According to the Form 604 notice [pdf]filed on June 3, 2026, Ainsworth’s interest grew from 27,522,207 shares (8.17 percent) to 32,160,635 shares (9.55 percent). Most acquisitions took place between March and June, with prices ranging from AUD 1.05 to AUD 1.60 per share. The largest single purchase occurred on June 2, when he acquired 2,083,000 shares at AUD 1.60 each.

On-Market Purchases and Proportional Takeover Offer

This stake increase follows Ainsworth’s proportional off-market takeover offer launched in March, which aimed to acquire 5.5 percent of each shareholder’s ordinary shares at AUD 1.30 per share. Several acquisitions under this offer contributed to the overall increase, alongside routine on-market purchases.

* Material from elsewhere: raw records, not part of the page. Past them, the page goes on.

lemma coordinatewise_convergent:
  fixes P :: "nat \<Rightarrow> nat \<Rightarrow> real"
  assumes close: "\<And>i j. (P i k - P j k)^2 \<le> e i + e j" and e: "e \<longlonglongrightarrow> 0"
  shows "convergent (\<lambda>j. P j k)"
proof -
  have "Cauchy (\<lambda>j. P j k)"
  proof (rule metric_CauchyI)
    fix \<epsilon> :: real assume "\<epsilon> > 0"
    hence "\<epsilon>^2 / 2 > 0" by simp
    from LIMSEQ_D[OF e this] obtain N where N: "\<And>n. n \<ge> N \<Longrightarrow> \<bar>e n\<bar> < \<epsilon>^2 / 2"
      by auto
    have "dist (P i k) (P j k) < \<epsilon>" if "i \<ge> N" "j \<ge> N" for i j
    proof -
      have "(P i k - P j k)^2 < \<epsilon>^2" using close[of i j] N[OF that(1)] N[OF that(2)] by linarith
      hence "\<bar>P i k - P j k\<bar> < \<epsilon>" using \<open>\<epsilon> > 0\<close> by (metis abs_le_square_iff abs_of_pos not_le)
      thus ?thesis by (simp add: dist_real_def)
    qed
    thus "\<exists>N. \<forall>i\<ge>N. \<forall>j\<ge>N. dist (P i k) (P j k) < \<epsilon>" by blast
  qed
  thus ?thesis by (simp add: Cauchy_convergent_iff)
qed

text \<open>Existence of the projection: a minimizing sequence is Cauchy in every coordinate, and its
  pointwise limit is convex, square-summable and attains the infimum.\<close>
lemma projection_exists:
  assumes q: "l2 q"
  shows "\<exists>p\<in>convC. \<forall>r\<in>convC. ls_crit q p \<le> ls_crit q r"
proof -
  define c where "c = Inf (ls_crit q ` convC)"
  have zero: "(\<lambda>_. 0) \<in> convC" unfolding convC_def convex_seq_def by simp
  have bdd: "bdd_below (ls_crit q ` convC)"
    by (rule bdd_belowI[of _ 0]) (use ls_crit_nonneg q in \<open>auto simp: convC_iff\<close>)
  have lower: "\<And>r. r \<in> convC \<Longrightarrow> c \<le> ls_crit q r"
    unfolding c_def using bdd by (intro cInf_lower) auto
  have "\<exists>p\<in>convC. ls_crit q p < c + 1 / (real j + 1)" for j
    using cInf_lessD[of "ls_crit q ` convC" "c + 1 / (real j + 1)"] zero unfolding c_def by auto
  then obtain P where P: "\<And>j. P j \<in> convC" "\<And>j. ls_crit q (P j) < c + 1 / (real j + 1)"
    by metis
  have Pl2: "\<And>j. l2 (P j)" using P(1) by (simp add: convC_iff)
  have inv: "(\<lambda>j. 1 / (real j + 1)) \<longlonglongrightarrow> 0"
    using LIMSEQ_inverse_real_of_nat by (simp add: inverse_eq_divide add.commute)
  have close: "(P i k - P j k)^2 \<le> 4 / (real i + 1) + 4 / (real j + 1)" for i j k
  proof -
    have "(P i k - P j k)^2 \<le> (\<Sum>k. (P i k - P j k)^2)"
      using l2_term_le[OF l2_diff[OF Pl2 Pl2]] by blast
    also have "\<dots> \<le> 4 * (ls_crit q (P i) - c) + 4 * (ls_crit q (P j) - c)"
      by (rule near_minimizers_close[OF q lower P(1) P(1)])
    also have "\<dots> \<le> 4 / (real i + 1) + 4 / (real j + 1)" using P(2)[of i] P(2)[of j] by simp
    finally show ?thesis .
  qed
  define p where "p = (\<lambda>k. lim (\<lambda>j. P j k))"
  have lim: "(\<lambda>j. P j k) \<longlonglongrightarrow> p k" for k
  proof -
    have "(\<lambda>j. 4 * (1 / (real j + 1))) \<longlonglongrightarrow> 4 * 0" by (intro tendsto_intros inv)
    hence "convergent (\<lambda>j. P j k)" using close by (intro coordinatewise_convergent) auto
    thus ?thesis unfolding p_def by (simp add: convergent_LIMSEQ_iff)
  qed
  have "convex_seq p" by (rule convex_seq_limit[OF _ lim]) (use P(1) in \<open>simp add: convC_iff\<close>)
  moreover have "(\<lambda>j. c + 1 / (real j + 1)) \<longlonglongrightarrow> c + 0" by (intro tendsto_intros inv)
  note limit = ls_crit_limit_le[OF q Pl2 lim less_imp_le[OF P(2)] this[simplified]]
  ultimately have "p \<in> convC" by (simp add: convC_iff)
  thus ?thesis using limit(2) lower by force
qed

lemma projection_variational_ineq:
  assumes q: "l2 q" and pC: "p \<in> convC" and pmin: "\<forall>r\<in>convC. ls_crit q p \<le> ls_crit q r"
    and rC: "r \<in> convC"
  shows "(\<Sum>k. (q k - p k) * (r k - p k)) \<le> 0"
proof -
  have pl: "l2 p" and rl: "l2 r" using pC rC by (auto simp: convC_iff)
  define A where "A = (\<Sum>k. (q k - p k)^2)"
  define B where "B = (\<Sum>k. (q k - p k) * (r k - p k))"
  define D where "D = (\<Sum>k. (r k - p k)^2)"
  have sA: "summable (\<lambda>k. (q k - p k)^2)" using l2_dist_summable q pl by blast
  have sD: "summable (\<lambda>k. (r k - p k)^2)" using l2_dist_summable rl pl by blast
  have sB: "summable (\<lambda>k. (q k - p k) * (r k - p k))" using l2_prod l2_diff q pl rl by blast
  have D0: "D \<ge> 0" unfolding D_def using sD by (simp add: suminf_nonneg)
  \<comment> \<open>moving from \<open>p\<close> towards \<open>r\<close> by a step \<open>t\<close> does not decrease the criterion\<close>
  have step: "2 * t * B \<le> t^2 * D" if t: "0 < t" "t \<le> 1" for t
  proof -
    define pt where "pt = (\<lambda>k. (1 - t) * p k + t * r k)"
    have ptC: "pt \<in> convC" unfolding pt_def using pC rC t by (intro convC_comb) auto
    have expand: "(\<lambda>k. (q k - pt k)^2) = (\<lambda>k. 1 * (q k - p k)^2 + (t^2) * (r k - p k)^2
        - (2*t) * ((q k - p k) * (r k - p k)))"
      by (rule ext) (simp add: pt_def power2_eq_square algebra_simps)
    have "ls_crit q pt = (1/2) * (A + t^2 * D - 2 * t * B)"
      unfolding ls_crit_def expand A_def B_def D_def by (subst suminf_lincomb3[OF sA sD sB]) simp
    moreover have "ls_crit q p = (1/2) * A" unfolding ls_crit_def A_def by simp
    ultimately show ?thesis using pmin ptC by force
  qed
  show ?thesis
  proof (rule ccontr)
    assume "\<not> ?thesis"
    hence Bp: "B > 0" unfolding B_def by simp
    define t where "t = min 1 (B / (D + 1))"
    have t0: "0 < t" "t \<le> 1" unfolding t_def using Bp D0 by auto
    have "2 * B \<le> t * D" using step[OF t0] t0 by (simp add: power2_eq_square mult.assoc)
    moreover have "t * D \<le> (B / (D + 1)) * D" unfolding t_def using D0 by (intro mult_right_mono) auto
    moreover have "(B / (D + 1)) * D < B" using Bp D0 by (simp add: field_simps)
    ultimately show False using Bp by linarith
  qed
qed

The Form 604 filings detail the acquisitions, including transaction dates, share numbers, and purchase prices, illustrating a deliberate approach to strengthening his influence. These purchases occurred continuously from late March through early June, with multiple small and large lots executed in succession.

Governance Disputes and AGM Outcomes

Austrian gaming equipment group Novomatic AG remains the controlling shareholder of Ainsworth Game Technology, holding over 67 percent of shares. In August 2025, Novomatic submitted an unconditional takeover bid at AUD 1.00 per share to acquire the remaining shares and reach a 75-percent threshold to privatize the company. That bid ended in February 2026 without achieving the intended majority.

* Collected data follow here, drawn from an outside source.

(* Let $(r_n),(R_n)$ be real sequences with $(r_n)$ bounded, and $(C_n),(D_n),(d_n)$ complex sequences with $\sum_n(|C_n|^2+|d_nD_n|^2)<\infty$. Assume there are $n'\in\mathbb{N}$, $\mu>0$, $\nu>1/2$ such that $|R_n|\le\mu n^{-\nu}(|C_n|^2+|d_nD_n|^2)^{1/2}$ for all $n\ge n'$. Then for every $n_0\ge n'$ and every $T>0$ there is $c(T)>0$ (depending on $T,\mu,\nu,\sup_n|r_n|$) such that $$\int_{-\infty}^{\infty}k^*(t)\Big|\sum_{n=n_0}^\infty R_ne^{r_nt}\Big|^2dt\le c(T)\sum_{n=n_0}^\infty\big(|C_n|^2+|d_nD_n|^2\big).$$
   Context: For $T>0$, $k^*(t):=\cos\big(\frac{\pi t}{2T}\big)$ for $|t|\le T$ and $k^*(t):=0$ for $|t|>T$. *)

theory Defs
  imports "HOL-Analysis.Analysis"
begin

definition kstar :: "real \<Rightarrow> real \<Rightarrow> real" where
  "kstar T t = (if \<bar>t\<bar> \<le> T then cos (pi * t / (2 * T)) else 0)"

end

theory Submission
  imports Defs
begin

text \<open>Crude bound, which suffices: on \<open>[-T, T]\<close> each exponential is at most \<open>exp (\<rho> T)\<close>, so
  Cauchy--Schwarz against the square-summable weights \<open>n powr (-\<nu>)\<close> (here \<open>\<nu> > 1/2\<close> is used)
  bounds the square of the series uniformly by a multiple of \<open>\<Sum> |C n|\<^sup>2 + |d n D n|\<^sup>2\<close>; since
  \<open>0 \<le> kstar T \<le> 1\<close> vanishes outside \<open>[-T, T]\<close>, integrating costs a further factor \<open>2 T\<close>.\<close>

lemma Cauchy_Schwarz_suminf:
  fixes x y :: "nat \<Rightarrow> real"
  assumes sx: "summable (\<lambda>n. (x n)\<^sup>2)" and sy: "summable (\<lambda>n. (y n)\<^sup>2)"
  shows "summable (\<lambda>n. x n * y n)"
    and "(\<Sum>n. x n * y n)\<^sup>2 \<le> (\<Sum>n. (x n)\<^sup>2) * (\<Sum>n. (y n)\<^sup>2)"
proof -
  have "\<bar>x n * y n\<bar> \<le> (x n)\<^sup>2 + (y n)\<^sup>2" for n
  proof -
    have "2 * (\<bar>x n\<bar> * \<bar>y n\<bar>) \<le> (x n)\<^sup>2 + (y n)\<^sup>2"
      using sum_squares_bound[of "\<bar>x n\<bar>" "\<bar>y n\<bar>"] by (simp add: mult.assoc)
    moreover have "0 \<le> \<bar>x n\<bar> * \<bar>y n\<bar>" by simp
    ultimately show ?thesis unfolding abs_mult by linarith
  qed
  then have "summable (\<lambda>n. \<bar>x n * y n\<bar>)"
    by (intro summable_comparison_test[OF _ summable_add[OF sx sy]]) auto
  then show sxy: "summable (\<lambda>n. x n * y n)"
    by (rule summable_rabs_cancel)
  have lim: "(\<lambda>N. (\<Sum>n<N. x n * y n)\<^sup>2) \<longlonglongrightarrow> (\<Sum>n. x n * y n)\<^sup>2"
    using summable_LIMSEQ[OF sxy] by (intro tendsto_power)
  have partial_le: "(\<Sum>n<N. x n * y n)\<^sup>2 \<le> (\<Sum>n. (x n)\<^sup>2) * (\<Sum>n. (y n)\<^sup>2)" for N
  proof -
    have "(\<Sum>n<N. x n * y n)\<^sup>2 \<le> (\<Sum>n<N. (x n)\<^sup>2) * (\<Sum>n<N. (y n)\<^sup>2)"
      by (rule Cauchy_Schwarz_ineq_sum)
    also have "\<dots> \<le> (\<Sum>n. (x n)\<^sup>2) * (\<Sum>n. (y n)\<^sup>2)"
      by (intro mult_mono sum_le_suminf sx sy suminf_nonneg) (auto simp: sum_nonneg)
    finally show ?thesis .
  qed
  show "(\<Sum>n. x n * y n)\<^sup>2 \<le> (\<Sum>n. (x n)\<^sup>2) * (\<Sum>n. (y n)\<^sup>2)"
    using partial_le by (intro LIMSEQ_le_const2[OF lim]) auto
qed

lemma summable_powr_neg_Suc:
  assumes "s > 1"
  shows "summable (\<lambda>k. real (Suc k) powr (-s))"
  using assms summable_Suc_iff[of "\<lambda>k. real k powr (-s)"]
  by (simp add: summable_real_powr_iff)

lemma suminf_shifted_powr_square_le:
  assumes "\<nu> > 1/2" and "n0 \<ge> 1"
  shows "summable (\<lambda>k. (real (k + n0) powr (-\<nu>))\<^sup>2)"
    and "(\<Sum>k. (real (k + n0) powr (-\<nu>))\<^sup>2) \<le> (\<Sum>k. real (Suc k) powr (-2 * \<nu>))"
proof -
  have summ: "summable (\<lambda>k. real (Suc k) powr (-2 * \<nu>))"
    using assms(1) summable_powr_neg_Suc[of "2 * \<nu>"] by simp
  have le: "(real (k + n0) powr (-\<nu>))\<^sup>2 \<le> real (Suc k) powr (-2 * \<nu>)" for k
  proof -
    have "(real (k + n0) powr (-\<nu>))\<^sup>2 = real (k + n0) powr (-2 * \<nu>)"
      by (simp add: power2_eq_square powr_add[symmetric])
    also have "\<dots> \<le> real (Suc k) powr (-2 * \<nu>)"
      using assms by (intro powr_mono2') auto
    finally show ?thesis .
  qed
  show summ': "summable (\<lambda>k. (real (k + n0) powr (-\<nu>))\<^sup>2)"
    by (rule summable_comparison_test[OF _ summ]) (use le in auto)
  show "(\<Sum>k. (real (k + n0) powr (-\<nu>))\<^sup>2) \<le> (\<Sum>k. real (Suc k) powr (-2 * \<nu>))"
    by (intro suminf_le summ summ' le)
qed

lemma kstar_nonneg: "kstar T t \<ge> 0"
proof (cases "\<bar>t\<bar> \<le> T")
  case True
  then have "\<bar>pi * t / (2 * T)\<bar> \<le> pi / 2"
    by (cases "T = 0") (simp_all add: abs_mult abs_divide divide_simps mult_left_mono)
  then have "pi * t / (2 * T) \<le> pi / 2 \<and> - (pi * t / (2 * T)) \<le> pi / 2"
    by (simp only: abs_le_iff)
  then have "-(pi / 2) \<le> pi * t / (2 * T)" and "pi * t / (2 * T) \<le> pi / 2"
    by linarith+
  then have "cos (pi * t / (2 * T)) \<ge> 0"
    by (rule cos_ge_zero)
  then show ?thesis
    using True by (simp add: kstar_def)
qed (simp add: kstar_def)

lemma kstar_le_one: "kstar T t \<le> 1"
  by (simp add: kstar_def)

lemma nn_integral_kstar_mult_le:
  fixes f :: "real \<Rightarrow> real"
  assumes "T > 0" and "M \<ge> 0" and f_le: "\<And>t. \<bar>t\<bar> \<le> T \<Longrightarrow> f t \<le> M"
  shows "(\<integral>\<^sup>+ t. ennreal (kstar T t * f t) \<partial>lborel) \<le> ennreal (2 * T * M)"
proof -
  have "(\<integral>\<^sup>+ t. ennreal (kstar T t * f t) \<partial>lborel) \<le> (\<integral>\<^sup>+ t. ennreal M * indicator {-T..T} t \<partial>lborel)"
  proof (rule nn_integral_mono)
    fix t
    show "ennreal (kstar T t * f t) \<le> ennreal M * indicator {-T..T} t"
    proof (cases "\<bar>t\<bar> \<le> T")
      case True
      have "kstar T t * f t \<le> M"
      proof (cases "f t \<ge> 0")
        case True
        then have "kstar T t * f t \<le> 1 * M"
          using f_le kstar_le_one kstar_nonneg \<open>\<bar>t\<bar> \<le> T\<close> by (intro mult_mono) auto
        then show ?thesis by simp
      next
        case False
        then show ?thesis
          using assms(2) mult_nonneg_nonpos[OF kstar_nonneg[of T t], of "f t"] by linarith
      qed
      then show ?thesis
        using True by (auto intro: ennreal_leI simp: indicator_def abs_le_iff)
    qed (simp add: kstar_def)
  qed
  also have "\<dots> = ennreal (2 * T * M)"
    using assms(1,2) by (simp add: nn_integral_cmult_indicator ennreal_mult' mult.commute)
  finally show ?thesis .
qed

text \<open>The weights \<open>w\<close> and coefficients \<open>a\<close> need no sign condition: the hypothesis on \<open>R\<close>
  already forces \<open>\<mu> * (w k * a k) \<ge> 0\<close>.\<close>

lemma square_suminf_exp_le:
  fixes R r w a :: "nat \<Rightarrow> real"
  assumes r_le: "\<And>k. \<bar>r k\<bar> \<le> \<rho>" and "\<bar>t\<bar> \<le> T"
    and R_le: "\<And>k. \<bar>R k\<bar> \<le> \<mu> * (w k * a k)"
    and sw: "summable (\<lambda>k. (w k)\<^sup>2)" and sa: "summable (\<lambda>k. (a k)\<^sup>2)"
  shows "(\<Sum>k. R k * exp (r k * t))\<^sup>2
           \<le> exp (2 * \<rho> * T) * \<mu>\<^sup>2 * (\<Sum>k. (w k)\<^sup>2) * (\<Sum>k. (a k)\<^sup>2)"
proof -
  define E where "E = exp (\<rho> * T)"
  have exp_le: "exp (r k * t) \<le> E" for k
  proof -
    have "r k * t \<le> \<bar>r k\<bar> * \<bar>t\<bar>"
      by (simp add: abs_mult[symmetric])
    also have "\<dots> \<le> \<rho> * T"
      using r_le[of k] \<open>\<bar>t\<bar> \<le> T\<close> by (intro mult_mono) auto
    finally show ?thesis
      unfolding E_def by simp
  qed
  have term_le: "norm (R k * exp (r k * t)) \<le> E * (\<mu> * (w k * a k))" for k
  proof -
    have "norm (R k * exp (r k * t)) = \<bar>R k\<bar> * exp (r k * t)"
      by (simp add: abs_mult)
    also have "\<dots> \<le> (\<mu> * (w k * a k)) * E"
      using R_le[of k] exp_le[of k] by (intro mult_mono) auto
    finally show ?thesis
      by (simp add: mult.commute)
  qed
  have swa: "summable (\<lambda>k. w k * a k)"
    using Cauchy_Schwarz_suminf(1)[OF sw sa] .
  have "\<bar>\<Sum>k. R k * exp (r k * t)\<bar> \<le> (\<Sum>k. E * (\<mu> * (w k * a k)))"
    using norm_suminf_le[OF term_le] swa by (simp add: summable_mult)
  also have "\<dots> = E * \<mu> * (\<Sum>k. w k * a k)"
    using swa by (simp add: suminf_mult mult.assoc)
  finally have "(\<Sum>k. R k * exp (r k * t))\<^sup>2 \<le> (E * \<mu> * (\<Sum>k. w k * a k))\<^sup>2"
    by (metis abs_ge_zero power2_abs power_mono)
  also have "\<dots> = E\<^sup>2 * \<mu>\<^sup>2 * (\<Sum>k. w k * a k)\<^sup>2"
    by (simp add: power_mult_distrib)
  also have "\<dots> \<le> E\<^sup>2 * \<mu>\<^sup>2 * ((\<Sum>k. (w k)\<^sup>2) * (\<Sum>k. (a k)\<^sup>2))"
    by (intro mult_left_mono Cauchy_Schwarz_suminf(2)[OF sw sa]) auto
  also have "E\<^sup>2 = exp (2 * \<rho> * T)"
    unfolding E_def by (simp add: power2_eq_square exp_add[symmetric])
  finally show ?thesis
    by (simp add: mult.assoc)
qed

lemma nn_integral_kstar_square_suminf_exp_le:
  fixes R r w a :: "nat \<Rightarrow> real"
  assumes "T > 0" and "\<And>k. \<bar>r k\<bar> \<le> \<rho>" and "\<And>k. \<bar>R k\<bar> \<le> \<mu> * (w k * a k)"
    and "summable (\<lambda>k. (w k)\<^sup>2)" and "summable (\<lambda>k. (a k)\<^sup>2)"
  shows "(\<integral>\<^sup>+ t. ennreal (kstar T t * (\<Sum>k. R k * exp (r k * t))\<^sup>2) \<partial>lborel)
           \<le> ennreal (2 * T * (exp (2 * \<rho> * T) * \<mu>\<^sup>2 * (\<Sum>k. (w k)\<^sup>2) * (\<Sum>k. (a k)\<^sup>2)))"
proof (rule nn_integral_kstar_mult_le[OF \<open>T > 0\<close>])
  show "0 \<le> exp (2 * \<rho> * T) * \<mu>\<^sup>2 * (\<Sum>k. (w k)\<^sup>2) * (\<Sum>k. (a k)\<^sup>2)"
    by (intro mult_nonneg_nonneg suminf_nonneg assms(4,5)) auto
qed (rule square_suminf_exp_le[OF assms(2) _ assms(3-5)])

lemma abs_le_SUP_abs:
  fixes r :: "nat \<Rightarrow> real"
  assumes "bounded (range r)"
  shows "\<bar>r n\<bar> \<le> (SUP n. \<bar>r n\<bar>)"
proof -
  obtain B where "\<And>n. \<bar>r n\<bar> \<le> B"
    using assms unfolding bounded_iff by auto
  then have "bdd_above (range (\<lambda>n. \<bar>r n\<bar>))"
    by (intro bdd_aboveI2) auto
  then show ?thesis
    by (rule cSUP_upper[OF UNIV_I])
qed

theorem proposition5p13:
  fixes T \<mu> \<nu> \<rho> :: real
  assumes "T > 0" and "\<mu> > 0" and "\<nu> > 1/2"
  shows "\<exists>c>0. \<forall>(r::nat \<Rightarrow> real) (R::nat \<Rightarrow> real) (C::nat \<Rightarrow> complex)
           (D::nat \<Rightarrow> complex) (d::nat \<Rightarrow> complex) (n'::nat).
      bounded (range r) \<longrightarrow>
      (SUP n. \<bar>r n\<bar>) = \<rho> \<longrightarrow>
      summable (\<lambda>n. (cmod (C n))\<^sup>2 + (cmod (d n * D n))\<^sup>2) \<longrightarrow>
      n' \<ge> 1 \<longrightarrow>
      (\<forall>n\<ge>n'. \<bar>R n\<bar> \<le> \<mu> * real n powr (-\<nu>) *
                   sqrt ((cmod (C n))\<^sup>2 + (cmod (d n * D n))\<^sup>2)) \<longrightarrow>
      (\<forall>n0\<ge>n'.
         (\<integral>\<^sup>+ t. ennreal (kstar T t *
              (\<Sum>k. R (k + n0) * exp (r (k + n0) * t))\<^sup>2) \<partial>lborel)
         \<le> ennreal (c * (\<Sum>k. (cmod (C (k + n0)))\<^sup>2 + (cmod (d (k + n0) * D (k + n0)))\<^sup>2)))"
proof -
  define Z where "Z = (\<Sum>k. real (Suc k) powr (-2 * \<nu>))"
  have "Z > 0"
    unfolding Z_def using assms(3) summable_powr_neg_Suc[of "2 * \<nu>"]
    by (intro suminf_pos) auto
  show ?thesis
  proof (intro exI[of _ "2 * T * (exp (2 * \<rho> * T) * \<mu>\<^sup>2 * Z)"] conjI allI impI)
    show "2 * T * (exp (2 * \<rho> * T) * \<mu>\<^sup>2 * Z) > 0"
      using assms(1,2) \<open>Z > 0\<close> by simp
    fix r R :: "nat \<Rightarrow> real" and C D d :: "nat \<Rightarrow> complex" and n' n0 :: nat
    assume "bounded (range r)" and "(SUP n. \<bar>r n\<bar>) = \<rho>"
      and summ: "summable (\<lambda>n. (cmod (C n))\<^sup>2 + (cmod (d n * D n))\<^sup>2)" and "n' \<ge> 1"
      and R_le: "\<forall>n\<ge>n'. \<bar>R n\<bar> \<le> \<mu> * real n powr (-\<nu>) *
                   sqrt ((cmod (C n))\<^sup>2 + (cmod (d n * D n))\<^sup>2)"
      and "n0 \<ge> n'"
    define a where "a k = sqrt ((cmod (C (k + n0)))\<^sup>2 + (cmod (d (k + n0) * D (k + n0)))\<^sup>2)" for k
    define w where "w k = real (k + n0) powr (-\<nu>)" for k
    have a2: "(a k)\<^sup>2 = (cmod (C (k + n0)))\<^sup>2 + (cmod (d (k + n0) * D (k + n0)))\<^sup>2" for k
      by (simp add: a_def)
    have sa: "summable (\<lambda>k. (a k)\<^sup>2)"
      unfolding a2 using summable_ignore_initial_segment[OF summ, of n0] by simp
    have "n0 \<ge> 1" using \<open>n' \<ge> 1\<close> \<open>n0 \<ge> n'\<close> by simp
    note w_bounds = suminf_shifted_powr_square_le[OF assms(3) this, folded w_def Z_def]
    have r_le: "\<bar>r k\<bar> \<le> \<rho>" for k
      using abs_le_SUP_abs[OF \<open>bounded (range r)\<close>] \<open>(SUP n. \<bar>r n\<bar>) = \<rho>\<close> by simp
    have R_shift_le: "\<bar>R (k + n0)\<bar> \<le> \<mu> * (w k * a k)" for k
      using R_le[rule_format, of "k + n0"] \<open>n0 \<ge> n'\<close> unfolding w_def a_def
      by (simp add: mult.assoc)
    have "(\<integral>\<^sup>+ t. ennreal (kstar T t * (\<Sum>k. R (k + n0) * exp (r (k + n0) * t))\<^sup>2) \<partial>lborel)
            \<le> ennreal (2 * T * (exp (2 * \<rho> * T) * \<mu>\<^sup>2 * (\<Sum>k. (w k)\<^sup>2) * (\<Sum>k. (a k)\<^sup>2)))"
      by (rule nn_integral_kstar_square_suminf_exp_le[OF assms(1) r_le R_shift_le w_bounds(1) sa])
    also have "\<dots> \<le> ennreal (2 * T * (exp (2 * \<rho> * T) * \<mu>\<^sup>2 * Z) *
                   (\<Sum>k. (cmod (C (k + n0)))\<^sup>2 + (cmod (d (k + n0) * D (k + n0)))\<^sup>2))"
      using assms(1) w_bounds(2) suminf_nonneg[OF sa]
      by (intro ennreal_leI) (auto simp: a2 mult.assoc intro!: mult_left_mono mult_right_mono)
    finally show "(\<integral>\<^sup>+ t. ennreal (kstar T t * (\<Sum>k. R (k + n0) * exp (r (k + n0) * t))\<^sup>2) \<partial>lborel)
        \<le> ennreal (2 * T * (exp (2 * \<rho> * T) * \<mu>\<^sup>2 * Z) *
                   (\<Sum>k. (cmod (C (k + n0)))\<^sup>2 + (cmod (d (k + n0) * D (k + n0)))\<^sup>2))" .
  qed
qed

end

Kjerulf Ainsworth publicly opposed the offer, arguing that it undervalued the company. In a statement to Inside Asian Gaming, he said: “Ultimately, the key issue remains unchanged. Ainsworth needs better governance, it needs stronger management, it needs proper accountability and shareholders deserve transparency about what’s happened in the past and what’s happening now. That’s really what this entire dispute comes down to”.

As the GGRAsia reports, at the company’s annual general meeting in late May, shareholders blocked the election of Lawrence Levy as a non-executive director, despite Ainsworth’s support. They also rejected two proposals by Novomatic, which included amendments to the constitution on director disclosure and a renewal of proportional takeover provisions.

Financial Performance and Shareholder Strategy

Ainsworth Game Technology has faced a challenging period financially. The company forecasted first-half revenue of around AUD 116 million, down 23.7 percent year-on-year, and profit before tax, excluding currency effects and one-off items, of approximately AUD 1 million, a significant decline from AUD 13.9 million the prior year.

As the second-largest shareholder, Kjerulf Ainsworth continues to consolidate influence and advocate for stronger corporate governance. The combination of on-market purchases and off-market takeover acceptances has positioned him to play a key role in shaping the company’s future direction and oversight.